BACKGROUND: Co-occurring alcohol, substance, and mood-related (CASM) conditions are prevalent, mutually reinforcing, and under-diagnosed contributors to morbidity, mortality, and health disparities.
OBJECTIVE: To evaluate screening strategies leveraging the predictive value arising from patterns of CASM co-occurrence in populations with high CASM prevalence.
DESIGN: Individual-based health risks model validated to predict US life expectancy and causes of death by sex and age decile, including CASM conditions of depression, anxiety, chronic pain, and unhealthy alcohol, tobacco, opioid and stimulant use. The model includes CASM co-occurrence patterns, mutual reinforcement across CASM conditions, and reduced engagement in other preventative care due to CASM.

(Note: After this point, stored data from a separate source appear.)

lemma exponent_pts_Suc_eq:
  assumes "m \<le> k"
  shows "exponent_pts (Suc m) = {s. \<exists>p\<in>E (Suc m). \<exists>us. set us \<subseteq> E_upto m \<and>
    s = p + sum_list us \<and> (\<forall>l\<in>{1..m}. pair (v l) s = 0)}"
proof (intro set_eqI iffI)
  fix s assume "s \<in> exponent_pts (Suc m)"
  then obtain p us where "p \<in> E (Suc m)" and "set us \<subseteq> E_upto m" and "s = p + sum_list us"
    and "\<forall>l\<in>{1..m}. (\<Sum>u\<leftarrow>us. pair (v l) u) = - int (npair p l)"
    unfolding exponent_pts_def balanced_def by auto
  then show "s \<in> {s. \<exists>p\<in>E (Suc m). \<exists>us. set us \<subseteq> E_upto m \<and>
      s = p + sum_list us \<and> (\<forall>l\<in>{1..m}. pair (v l) s = 0)}"
    using pair_balance_iff[OF assms] by blast
next
  fix s assume "s \<in> {s. \<exists>p\<in>E (Suc m). \<exists>us. set us \<subseteq> E_upto m \<and>
      s = p + sum_list us \<and> (\<forall>l\<in>{1..m}. pair (v l) s = 0)}"
  then obtain p us where p: "p \<in> E (Suc m)" and us: "set us \<subseteq> E_upto m" and s: "s = p + sum_list us"
    and "\<forall>l\<in>{1..m}. pair (v l) s = 0"
    by blast
  then have "\<forall>l\<in>{1..m}. (\<Sum>u\<leftarrow>us. pair (v l) u) = - int (npair p l)"
    using pair_balance_iff[OF assms p us] by blast
  then have "sum_list us \<in> balanced m (npair p)"
    unfolding balanced_def using us by blast
  then show "s \<in> exponent_pts (Suc m)"
    unfolding exponent_pts_def using p s by auto
qed

end

lemma amenable_collectionI:
  assumes "complete_fan \<Sigma>" and "k \<le> CARD('n)" and "Qnef_partition \<Sigma> k E"
    and "amenable k E v" and "zbasis v"
  shows "amenable_collection k E (v :: nat \<Rightarrow> real^'n)"
proof
  have E_rays: "E i \<subseteq> rays \<Sigma>" if "1 \<le> i" "i \<le> k + 1" for i
    using assms(3) that unfolding Qnef_partition_def by auto
  show "finite (E i)" if "1 \<le> i" "i \<le> k + 1" for i
    using finite_subset[OF E_rays[OF that] finite_rays] assms(1) unfolding complete_fan_def by blast
  show "lattice_pt \<rho>" if "1 \<le> i" "i \<le> k + 1" "\<rho> \<in> E i" for i \<rho>
    using E_rays[OF that(1,2)] that(3) unfolding rays_def primitive_def by auto
  show "lattice_pt (v j)" if "1 \<le> j" "j \<le> CARD('n)" for j
    using assms(5) that unfolding zbasis_def by auto
qed (use assms(2,4) in \<open>auto simp: amenable_def\<close>)

theorem proposition2p17:
  fixes \<Sigma> :: "(real^'n) set set" and k :: nat
    and E :: "nat \<Rightarrow> (real^'n) set" and v :: "nat \<Rightarrow> real^'n"
  assumes "complete_fan \<Sigma>"
    and "k \<le> CARD('n)"
    and "Qnef_partition \<Sigma> k E"
    and "amenable k E v"
    and "zbasis v"
  shows "Poly_Mapping.keys (pullback_w k E v) =
    {tail_exp k v s | s. \<exists>p\<in>E (k+1). \<exists>us. set us \<subseteq> (\<Union>i\<in>{1..k}. E i) \<and>
        s = p + sum_list us \<and> (\<forall>i\<in>{1..k}. pair (v i) s = 0)}"
proof -
  interpret amenable_collection k E v
    using amenable_collectionI[OF assms] .
  have "Poly_Mapping.keys (pullback_w k E v) = tail_exp k v ` exponent_pts (Suc k)"
    by (rule keys_pullback_w)
  also have "exponent_pts (Suc k) = {s. \<exists>p\<in>E (k+1). \<exists>us. set us \<subseteq> (\<Union>i\<in>{1..k}. E i) \<and>
        s = p + sum_list us \<and> (\<forall>i\<in>{1..k}. pair (v i) s = 0)}"
    using exponent_pts_Suc_eq[of k] by (simp add: E_upto_def)
  finally show ?thesis
    by blast
qed

end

PARTICIPANTS: Veterans Aging Cohort Study (VACS), a large longitudinal cohort of in-care US veterans.
INTERVENTIONS: (1) Screening alcohol, tobacco, and/or depression symptoms; (2) adding further screening of CASM conditions likely to co-occur with those screened positive, with variation in the minimum co-occurrence rate; (3) screening all CASM conditions (hypothetical maximum).
MAIN MEASURES: Estimated life expectancy (LE) and quality-adjusted life-years (QALYs).
KEY RESULTS: The maximum strategy added 0.52 years to estimated LE (95% CI: 0.51 – 0.54) and 0.68 QALYs/person (95% CI: 0.67 – 0.69). Screening individual CASM conditions added a small fraction of this benefit, the largest LE gain from tobacco screening: 0.08 years (95% CI: 0.07 – 0.09). Screening for depression, alcohol, and tobacco provided 34.6% of the maximum strategy’s LE gain (0.19 years, 95% CI: 0.17 – 0.20). Additionally screening conditions with moderate (= 20%) probability of co-occurring with those already screened positive provided 84.8% of the maximum strategy’s LE gain. Screening all CASM conditions if depression, alcohol, and/or tobacco screened positive provided 86.6% of the maximum strategy’s LE gain.
CONCLUSIONS: Compared to common practice of screening one or few CASM conditions, large health benefits are possible by further assessing CASM conditions most likely to co-occur with those already screening positive, improving health without increasing up-front screening burden in populations with high CASM prevalence.
Health benefits of screening for co-occurring alcohol-, substance-, and mood-related conditions for at-risk populations: A mathematical modeling study
Journal of General Internal Medicine [Epub 2026 Feb 25]. doi: 10.1007/s11606-026-10236-6.